Add the meat and toss well in the flour until evenly coated.
In a large, heavy casserole dish or skillet, heat the butter and oil until the butter has melted. Add the meat to the fat in small batches and brown quickly all over for just a minute, then remove and set aside.
Add the onions and carrots to the pan and cook gently for about 2 minutes.
Return the meat to the pan, and add Worcestershire sauce, tomato puree, Guinness, hot beef stock and sugar. Grind in plenty of black pepper and salt, stir well and bring to a boil.

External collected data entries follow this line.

lemma spectral_norm_scaleR:
  fixes A :: "complex^'n^'n"
  shows "spectral_norm (c *\<^sub>R A) = \<bar>c\<bar> * spectral_norm A"
proof -
  have "(\<lambda>x. (c *\<^sub>R A) *v x) = (\<lambda>x. c *\<^sub>R (A *v x))"
    by (simp add: fun_eq_iff vec_eq_iff matrix_vector_mult_def scaleR_sum_right)
  then show ?thesis
    unfolding spectral_norm_def by (simp add: onorm_scaleR)
qed

lemma spectral_norm_mult_le:
  fixes A B :: "complex^'n^'n"
  shows "spectral_norm (A ** B) \<le> spectral_norm A * spectral_norm B"
proof -
  have "(\<lambda>x. (A ** B) *v x) = (\<lambda>x. A *v x) \<circ> (\<lambda>x. B *v x)"
    by (simp add: o_def matrix_vector_mul_assoc)
  then show ?thesis
    unfolding spectral_norm_def by (simp add: onorm_compose)
qed

lemma spectral_norm_conj_transpose:
  fixes A :: "complex^'n^'n"
  shows "spectral_norm (conj_transpose A) = spectral_norm A"
proof -
  have le: "spectral_norm (conj_transpose M) \<le> spectral_norm M" for M :: "complex^'n^'n"
    by (intro spectral_norm_le norm_adjoint_le[OF inner_matrix_vector_conj_transpose
          norm_matrix_vector_le_spectral_norm spectral_norm_nonneg])
  show ?thesis
    using le[of A] le[of "conj_transpose A"] by simp
qed

lemma diag_cis_matrix_mult_nth:
  "(diag_cis \<theta> ** A) $ i $ j = cis (\<theta> i) * A $ i $ j"
  by (simp add: diag_cis_def matrix_matrix_mult_def mult_delta_left mult_delta_right)

lemma matrix_mult_diag_cis_nth:
  "(A ** diag_cis \<theta>) $ i $ j = A $ i $ j * cis (\<theta> j)"
  by (simp add: diag_cis_def matrix_matrix_mult_def mult_delta_left mult_delta_right)

lemma diag_cis_mult_diag_cis_uminus: "diag_cis \<theta> ** diag_cis (\<lambda>i. - \<theta> i) = mat 1"
  by (simp add: vec_eq_iff diag_cis_matrix_mult_nth) (simp add: diag_cis_def mat_def cis_mult)

lemma diag_cis_uminus_mult_diag_cis: "diag_cis (\<lambda>i. - \<theta> i) ** diag_cis \<theta> = mat 1"
  using diag_cis_mult_diag_cis_uminus[of "\<lambda>i. - \<theta> i"] by simp

lemma diag_cis_mult_vector_nth: "(diag_cis \<theta> *v x) $ i = cis (\<theta> i) * x $ i"
  by (simp add: diag_cis_def matrix_vector_mult_def mult_delta_left)

lemma norm_diag_cis_mult_vector: "norm (diag_cis \<theta> *v x) = norm x"
  by (simp add: norm_vec_def diag_cis_mult_vector_nth norm_mult)

lemma spectral_norm_diag_cis_le: "spectral_norm (diag_cis \<theta>) \<le> 1"
  by (rule spectral_norm_le) (simp add: norm_diag_cis_mult_vector)

lemma spectral_norm_diag_cis_mult [simp]: "spectral_norm (diag_cis \<theta> ** A) = spectral_norm A"
proof -
  have le: "spectral_norm (diag_cis \<phi> ** M) \<le> spectral_norm M" for \<phi> and M :: "complex^'n^'n"
    using spectral_norm_mult_le[of "diag_cis \<phi>" M]
      mult_right_mono[OF spectral_norm_diag_cis_le[of \<phi>] spectral_norm_nonneg[of M]]
    by simp
  have "A = diag_cis (\<lambda>i. - \<theta> i) ** (diag_cis \<theta> ** A)"
    by (simp add: matrix_mul_assoc diag_cis_uminus_mult_diag_cis)
  then have "spectral_norm A \<le> spectral_norm (diag_cis \<theta> ** A)"
    by (metis le)
  with le[of \<theta> A] show ?thesis
    by linarith
qed

lemma spectral_norm_mult_diag_cis [simp]: "spectral_norm (A ** diag_cis \<theta>) = spectral_norm A"
proof -
  have le: "spectral_norm (M ** diag_cis \<phi>) \<le> spectral_norm M" for \<phi> and M :: "complex^'n^'n"
    using spectral_norm_mult_le[of M "diag_cis \<phi>"]
      mult_left_mono[OF spectral_norm_diag_cis_le[of \<phi>] spectral_norm_nonneg[of M]]
    by simp
  have "A = (A ** diag_cis \<theta>) ** diag_cis (\<lambda>i. - \<theta> i)"
    by (simp flip: matrix_mul_assoc add: diag_cis_mult_diag_cis_uminus)
  then have "spectral_norm A \<le> spectral_norm (A ** diag_cis \<theta>)"
    by (metis le)
  with le[of A \<theta>] show ?thesis
    by linarith
qed

lemma row_sum_scaleR: "row_sum (c *\<^sub>R A) i = c *\<^sub>R row_sum A i"
  by (simp add: row_sum_def scaleR_sum_right)

lemma col_sum_scaleR: "col_sum (c *\<^sub>R A) j = c *\<^sub>R col_sum A j"
  by (simp add: col_sum_def scaleR_sum_right)

lemma row_sum_diag_cis_mult: "row_sum (diag_cis \<theta> ** A) i = cis (\<theta> i) * row_sum A i"
  by (simp add: row_sum_def diag_cis_matrix_mult_nth sum_distrib_left)

lemma col_sum_mult_diag_cis: "col_sum (A ** diag_cis \<theta>) j = col_sum A j * cis (\<theta> j)"
  by (simp add: col_sum_def matrix_mult_diag_cis_nth sum_distrib_right)

lemma matrix_vector_mult_one_nth: "(A *v 1) $ i = row_sum A i"
  by (simp add: matrix_vector_mult_def row_sum_def)

lemma conj_transpose_mult_one_nth: "(conj_transpose A *v 1) $ j = cnj (col_sum A j)"
  by (simp add: matrix_vector_mult_def col_sum_def conj_transpose_def)

lemma row_sums_eq_1_iff: "(\<forall>i. row_sum A i = 1) \<longleftrightarrow> A *v 1 = 1"
  by (simp add: vec_eq_iff matrix_vector_mult_one_nth)

lemma col_sums_eq_1_iff: "(\<forall>j. col_sum A j = 1) \<longleftrightarrow> conj_transpose A *v 1 = 1"
  by (simp add: vec_eq_iff conj_transpose_mult_one_nth)

lemma gen_doubly_stochastic_mat_1: "gen_doubly_stochastic (mat 1 :: complex^'n^'n)"
  by (simp add: gen_doubly_stochastic_def row_sum_def col_sum_def mat_def)

lemma fixed_point_iff_conj_transpose_fixed_point:
  fixes A :: "complex^'n^'n"
  assumes "spectral_norm A \<le> 1"
  shows "A *v v = v \<longleftrightarrow> conj_transpose A *v v = v"
proof -
  have "norm (A *v v) \<le> norm v"
    using norm_matrix_vector_le_spectral_norm[of A v] mult_right_mono[OF assms norm_ge_zero, of v]
    by simp
  moreover have "norm (conj_transpose A *v v) \<le> norm v"
    using norm_matrix_vector_le_spectral_norm[of "conj_transpose A" v]
      mult_right_mono[OF assms norm_ge_zero, of v]
    by (simp add: spectral_norm_conj_transpose)
  moreover have "inner (conj_transpose A *v x) y = inner x (A *v y)" for x y
    using inner_matrix_vector_conj_transpose[of "conj_transpose A"] by simp
  ultimately show ?thesis
    using adjoint_fixes_fixed_point[of "\<lambda>x. A *v x" "\<lambda>x. conj_transpose A *v x" v]
      adjoint_fixes_fixed_point[of "\<lambda>x. conj_transpose A *v x" "\<lambda>x. A *v x" v]
      inner_matrix_vector_conj_transpose[of A]
    by blast
qed

lemma gen_doubly_stochastic_iff_row_sums:
  assumes "spectral_norm (D :: complex^'n^'n) \<le> 1"
  shows "gen_doubly_stochastic D \<longleftrightarrow> (\<forall>i. row_sum D i = 1)"
  using fixed_point_iff_conj_transpose_fixed_point[OF assms]
  by (simp add: gen_doubly_stochastic_def row_sums_eq_1_iff col_sums_eq_1_iff)

lemma gen_doubly_stochastic_iff_col_sums:
  assumes "spectral_norm (D :: complex^'n^'n) \<le> 1"
  shows "gen_doubly_stochastic D \<longleftrightarrow> (\<forall>j. col_sum D j = 1)"
  using fixed_point_iff_conj_transpose_fixed_point[OF assms]
  by (simp add: gen_doubly_stochastic_def row_sums_eq_1_iff col_sums_eq_1_iff)

lemma diag_cis_doubly_stochastic_factorization:
  fixes A :: "complex^'n^'n"
  assumes norm_A: "spectral_norm A = \<sigma>" and row_sums: "\<And>k. cmod (row_sum A k) = \<sigma>"
  shows "\<exists>\<theta> D. (\<forall>k. row_sum A k = complex_of_real \<sigma> * cis (\<theta> k)) \<and>
           gen_doubly_stochastic D \<and> spectral_norm D = 1 \<and> A = \<sigma> *\<^sub>R (diag_cis \<theta> ** D)"
proof (cases "\<sigma> = 0")
  case True
  then have "A = 0"
    using norm_A spectral_norm_eq_0_iff by blast
  then show ?thesis
    using True gen_doubly_stochastic_mat_1 spectral_norm_mat_1 by (auto simp: row_sum_def)
next
  case False
  then have "0 < \<sigma>"
    using norm_A spectral_norm_nonneg[of A] by simp
  define \<theta> where "\<theta> k = Arg (row_sum A k)" for k
  have polar: "row_sum A k = complex_of_real \<sigma> * cis (\<theta> k)" for k
    using rcis_cmod_Arg[of "row_sum A k"] by (simp add: \<theta>_def rcis_def row_sums)
  define D where "D = (1 / \<sigma>) *\<^sub>R (diag_cis (\<lambda>i. - \<theta> i) ** A)"
  have "A = \<sigma> *\<^sub>R (diag_cis \<theta> ** D)"
    using \<open>0 < \<sigma>\<close>
    by (simp add: D_def matrix_scalar_ac matrix_mul_assoc diag_cis_mult_diag_cis_uminus
        flip: scalar_matrix_assoc)
  moreover have "spectral_norm D = 1"
    using \<open>0 < \<sigma>\<close> by (simp add: D_def spectral_norm_scaleR norm_A)
  moreover have "row_sum D k = 1" for k
  proof -
    have "row_sum D k = (1 / \<sigma>) *\<^sub>R (cis (- \<theta> k) * (\<sigma> * cis (\<theta> k)))"
      by (simp add: D_def row_sum_scaleR row_sum_diag_cis_mult polar)
    also have "\<dots> = 1"
      using \<open>0 < \<sigma>\<close> by (simp add: scaleR_conv_of_real mult.left_commute[of "cis _"] cis_mult)
    finally show ?thesis .
  qed
  ultimately show ?thesis
    using polar gen_doubly_stochastic_iff_row_sums[of D] by (intro exI[of _ \<theta>] exI[of _ D]) simp
qed

lemma doubly_stochastic_diag_cis_factorization:
  fixes A :: "complex^'n^'n"
  assumes norm_A: "spectral_norm A = \<sigma>" and col_sums: "\<And>k. cmod (col_sum A k) = \<sigma>"
  shows "\<exists>\<gamma> D. (\<forall>k. col_sum A k = complex_of_real \<sigma> * cis (\<gamma> k)) \<and>
           gen_doubly_stochastic D \<and> spectral_norm D = 1 \<and> A = \<sigma> *\<^sub>R (D ** diag_cis \<gamma>)"
proof (cases "\<sigma> = 0")
  case True
  then have "A = 0"
    using norm_A spectral_norm_eq_0_iff by blast
  then show ?thesis
    using True gen_doubly_stochastic_mat_1 spectral_norm_mat_1 by (auto simp: col_sum_def)
next
  case False
  then have "0 < \<sigma>"
    using norm_A spectral_norm_nonneg[of A] by simp
  define \<gamma> where "\<gamma> k = Arg (col_sum A k)" for k
  have polar: "col_sum A k = complex_of_real \<sigma> * cis (\<gamma> k)" for k
    using rcis_cmod_Arg[of "col_sum A k"] by (simp add: \<gamma>_def rcis_def col_sums)
  define D where "D = (1 / \<sigma>) *\<^sub>R (A ** diag_cis (\<lambda>i. - \<gamma> i))"
  have "A = \<sigma> *\<^sub>R (D ** diag_cis \<gamma>)"
    using \<open>0 < \<sigma>\<close>
    by (simp add: D_def diag_cis_uminus_mult_diag_cis flip: scalar_matrix_assoc matrix_mul_assoc)
  moreover have "spectral_norm D = 1"
    using \<open>0 < \<sigma>\<close> by (simp add: D_def spectral_norm_scaleR norm_A)
  moreover have "col_sum D k = 1" for k
  proof -
    have "col_sum D k = (1 / \<sigma>) *\<^sub>R (\<sigma> * cis (\<gamma> k) * cis (- \<gamma> k))"
      by (simp add: D_def col_sum_scaleR col_sum_mult_diag_cis polar)
    also have "\<dots> = 1"
      using \<open>0 < \<sigma>\<close> by (simp add: scaleR_conv_of_real mult.assoc cis_mult)
    finally show ?thesis .
  qed
  ultimately show ?thesis
    using polar gen_doubly_stochastic_iff_col_sums[of D] by (intro exI[of _ \<gamma>] exI[of _ D]) simp
qed

theorem proposition2p4:
  fixes A :: "complex^'n^'n" and \<sigma> :: real
  assumes "spectral_norm A = \<sigma>"
  shows "((\<forall>k. cmod (row_sum A k) = \<sigma>) \<longleftrightarrow>
           (\<exists>\<theta> D. (\<forall>k. row_sum A k = complex_of_real \<sigma> * cis (\<theta> k)) \<and>
                  gen_doubly_stochastic D \<and> spectral_norm D = 1 \<and>
                  A = \<sigma> *\<^sub>R (diag_cis \<theta> ** D)))
       \<and> ((\<forall>k. cmod (col_sum A k) = \<sigma>) \<longleftrightarrow>
           (\<exists>\<gamma> D. (\<forall>k. col_sum A k = complex_of_real \<sigma> * cis (\<gamma> k)) \<and>
                  gen_doubly_stochastic D \<and> spectral_norm D = 1 \<and>
                  A = \<sigma> *\<^sub>R (D ** diag_cis \<gamma>)))"
proof -
  have "0 \<le> \<sigma>"
    using assms spectral_norm_nonneg by blast
  then have cmod_polar: "cmod (complex_of_real \<sigma> * cis t) = \<sigma>" for t
    by (simp add: norm_mult)
  show ?thesis
    using diag_cis_doubly_stochastic_factorization[OF assms]
      doubly_stochastic_diag_cis_factorization[OF assms] cmod_polar
    by metis
qed

end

Cover, reduce to a gentle simmer, and cook slowly for about 2-2 ½ hours until the meat is tender and the sauce has thickened and is glossy. (At this point, I added about 2 tablespoons cornstarch to thicken the gravy. Use as much or as little to make the gravy suit your individual tastes.)

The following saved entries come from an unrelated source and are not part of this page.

lemma cost_stage_labels:
  assumes "1 \<le> n1"
  shows "(\<Sum>x\<leftarrow>stage_labels n1 n s. cost (formula n1 n x)) \<le> 4 * n1 * (n + 1)"
proof -
  let ?f = "\<lambda>x. cost (formula n1 n x)"
  define d where "d = s div 4"
  define ks where "ks = [0..<min n1 (n - d)]"
  have ks: "length ks \<le> n1"
    by (simp add: ks_def)
  have scalars: "(\<Sum>x\<leftarrow>map g ks. ?f x) \<le> n1 * (2 * n + 2)"
    if "\<And>k. ?f (g k) \<le> 2 * n + 2" for g
  proof -
    have "(\<Sum>x\<leftarrow>map g ks. ?f x) \<le> length ks * (2 * n + 2)"
      using sum_list_le_length_mult[of "map g ks" ?f "2 * n + 2"] that by auto
    also have "\<dots> \<le> n1 * (2 * n + 2)"
      using ks by (rule mult_le_mono1)
    finally show ?thesis .
  qed
  have vectors: "(\<Sum>x\<leftarrow>concat (map (\<lambda>k. map (g k) [0..<n]) ks). ?f x) \<le> n1 * n * 2"
    if "\<And>k i. ?f (g k i) \<le> 2" for g
  proof -
    have "(\<Sum>x\<leftarrow>concat (map (\<lambda>k. map (g k) [0..<n]) ks). ?f x) \<le> length ks * n * 2"
      using that sum_list_le_length_mult[of "concat (map (\<lambda>k. map (g k) [0..<n]) ks)" ?f 2]
      by (auto simp: length_concat comp_def sum_list_triv)
    also have "\<dots> \<le> n1 * n * 2"
      using ks by simp
    finally show ?thesis .
  qed
  have "?f x \<le> 1" if "x \<in> set (map (QQ n1 (n1 + d)) [0..<n])" for x
    using that by auto
  then have copy: "(\<Sum>x\<leftarrow>map (QQ n1 (n1 + d)) [0..<n] @ [QV n1 (n1 + d)]. ?f x) \<le> n"
    using sum_list_le_length_mult[of "map (QQ n1 (n1 + d)) [0..<n]" ?f 1] by simp
  have cost_scalar: "?f (QA k l) \<le> 2 * n + 2" "?f (QA' k l) \<le> 2 * n + 2"
    "?f (QV k l) \<le> 2 * n + 2" "?f (QV' k l) \<le> 2 * n + 2" for k l
    by (simp_all add: cost_dot)
  have cost_vector: "?f (QP k l i) \<le> 2" "?f (QQ k l i) \<le> 2" for k l i
    by simp_all
  have "n \<le> n1 * (n + 1)"
    using assms by (metis le_add1 mult_1 mult_le_mono1 order_trans)
  then show ?thesis
    unfolding stage_labels_def Let_def d_def[symmetric] ks_def[symmetric]
    using scalars[of "\<lambda>k. QA k (k + d)", OF cost_scalar(1)]
      scalars[of "\<lambda>k. QA' k (k + d)", OF cost_scalar(2)]
      scalars[of "\<lambda>k. QV k (k + d)", OF cost_scalar(3)]
      scalars[of "\<lambda>k. QV' k (k + d)", OF cost_scalar(4)]
      vectors[of "\<lambda>k. QP k (k + d)", OF cost_vector(1)]
      vectors[of "\<lambda>k. QQ k (k + d)", OF cost_vector(2)] copy
    by (auto simp: algebra_simps)
qed

lemma cost_schedule:
  assumes "1 \<le> n1"
  shows "(\<Sum>(x, e)\<leftarrow>schedule n1 n. cost e) \<le> 32 * n1 * n\<^sup>2"
proof -
  have "(\<Sum>(x, e)\<leftarrow>schedule n1 n. cost e) =
      (\<Sum>s\<leftarrow>[0..<4 * n]. \<Sum>x\<leftarrow>stage_labels n1 n s. cost (formula n1 n x))"
    by (simp add: schedule_def sum_list_map_concat case_prod_beta comp_def)
  also have "\<dots> \<le> 4 * n * (4 * n1 * (n + 1))"
    using sum_list_le_length_mult cost_stage_labels[OF assms]
    by (metis length_upt minus_nat.diff_0)
  also have "\<dots> = 16 * n1 * (n * (n + 1))"
    by (simp add: algebra_simps)
  also have "\<dots> \<le> 16 * n1 * (n * (2 * n))"
    using mult_le_mono2[of "n + 1" "2 * n" n] by (cases "n = 0") simp_all
  also have "\<dots> = 32 * n1 * n\<^sup>2"
    by (simp add: power2_eq_square)
  finally show ?thesis .
qed

lemma required_in_scope: "x \<in> required n1 n \<Longrightarrow> in_scope n1 n x"
  by (auto simp: required_def)

lemma schedule_correct:
  assumes R: "block_toeplitz n1 n2 R" and n1: "1 \<le> n1" and x: "x \<in> required n1 (n1 * n2)"
    and P: "build (n1 * n2) (schedule n1 (n1 * n2)) = (P, loc)"
  shows "loc x < length (exec P (input_of (n1 * n2) R)) \<and>
    exec P (input_of (n1 * n2) R) ! loc x = qval (n1 * n2) R x"
proof -
  let ?n = "n1 * n2"
  have "\<forall>(y, e)\<in>set (schedule n1 ?n). eval (qval ?n R) R e = qval ?n R y"
    using formula_eval[OF R n1] by (auto simp: schedule_def set_stage_labels)
  then have "stores ?n R (qval ?n R) loc {y. in_scope n1 ?n y} (exec P (input_of ?n R))"
    using build_correct[OF valid_schedule_schedule[OF n1]] P labels_schedule by fastforce
  then show ?thesis
    using required_in_scope[OF x] by (simp add: stores_def)
qed

lemma reflection_coefficient_program:
  assumes n1: "1 \<le> n1"
  shows "\<exists>(P :: instr list) (out :: quantity \<Rightarrow> nat).
    length P \<le> 32 * n1 ^ 3 * n2 ^ 2 \<and>
    (\<forall>R. block_toeplitz n1 n2 R \<longrightarrow>
       (\<forall>x \<in> required n1 (n1 * n2).
          out x < length (exec P (input_of (n1 * n2) R)) \<and>
          exec P (input_of (n1 * n2) R) ! out x = qval (n1 * n2) R x))"
proof -
  obtain P loc where P: "build (n1 * n2) (schedule n1 (n1 * n2)) = (P, loc)"
    by fastforce
  have "length P \<le> 32 * n1 * (n1 * n2)\<^sup>2"
    using length_build[of "n1 * n2" "schedule n1 (n1 * n2)"] cost_schedule[OF n1] P by simp
  also have "\<dots> = 32 * n1 ^ 3 * n2 ^ 2"
    by (simp add: power_mult_distrib power2_eq_square power3_eq_cube)
  finally show ?thesis
    using schedule_correct[OF _ n1 _ P] by blast
qed

theorem theorem2:
  "\<exists>C::nat. \<forall>n1 n2. 1 \<le> n1 \<longrightarrow> 1 \<le> n2 \<longrightarrow>
     (let n = n1 * n2 in
      (\<forall>R. block_toeplitz n1 n2 R \<longrightarrow> posdef_mat n R \<longrightarrow>
         (\<forall>k l. k \<le> l \<longrightarrow> l < n \<longrightarrow>
            (\<forall>i<n. qvec n R k l i =
                    shiftU n (sec k n1) (qvec n R (k mod n1) (l - sec k n1)) i) \<and>
            vcoef n R k l = vcoef n R (k mod n1) (l - sec k n1))) \<and>
      (\<exists>(P :: instr list) (out :: quantity \<Rightarrow> nat).
         length P \<le> C * n1 ^ 3 * n2 ^ 2 \<and>
         (\<forall>R. block_toeplitz n1 n2 R \<longrightarrow> posdef_mat n R \<longrightarrow>
            (\<forall>x \<in> required n1 n.
               out x < length (exec P (input_of n R)) \<and>
               exec P (input_of n R) ! out x = qval n R x))))"
  unfolding Let_def
proof (intro exI[of _ 32] allI impI conjI)
  fix n1 n2 :: nat
  assume "1 \<le> n1"
  then show "\<exists>P out. length P \<le> 32 * n1 ^ 3 * n2 ^ 2 \<and>
    (\<forall>R. block_toeplitz n1 n2 R \<longrightarrow> posdef_mat (n1 * n2) R \<longrightarrow>
       (\<forall>x \<in> required n1 (n1 * n2).
          out x < length (exec P (input_of (n1 * n2) R)) \<and>
          exec P (input_of (n1 * n2) R) ! out x = qval (n1 * n2) R x))"
    using reflection_coefficient_program[of n1 n2] by meson
qed (simp_all add: qvec_vcoef_block_reduce)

Remove from the heat and leave to cool completely.
Once cooled, place in crust-lined pie plate, either a 9-inch pie plate or 4 individual 5-inch pie plates. Cover with top crust, seal edges and cook in 350 degree pre-heated oven for about 30-35 minutes, until it is golden brown and the filling is warmed through.
I froze my little pies and then baked in a hot oven (425 degrees) for about 30 minutes, then turned the oven back to 350 and baked for another 30 minutes or so.
Rosemary Whole Wheat Crust
2 cups all-purpose flour
1½ cups whole wheat flour (I use the non-bleached kind because it’s prettier, but if you want a white crust, bleached whole-wheat flour will work too)
3 teaspoons salt
2 teaspoons rosemary
1 cup, plus 2 tablespoons cold unsalted butter, cut into small pieces
6 tablespoons cold vegetable shortening
6 tablespoons cold vodka
¼ cup (12 tablespoons) cold water, plus more if you need it
In a large bowl, mix the flour, salt and pepper until thoroughly combined. Add butter and shortening and cut together using a pastry cutter. It should form small pea-size crumbs coated in flour.
Add the vodka a tablespoon at a time. Using a rubber spatula, press the dough together. Add the water a tablespoon at a time; using the rubber spatula press the dough together to form a large ball. The dough should be fairly sticky. If it does not come together in a ball, add a little extra, a tablespoon at a time, until you can easily form a ball and all (or most) of the flour comes together. Try not to handle the dough too much to keep it from being tough.
Allow to rest in the refrigerator for 30 minutes or longer.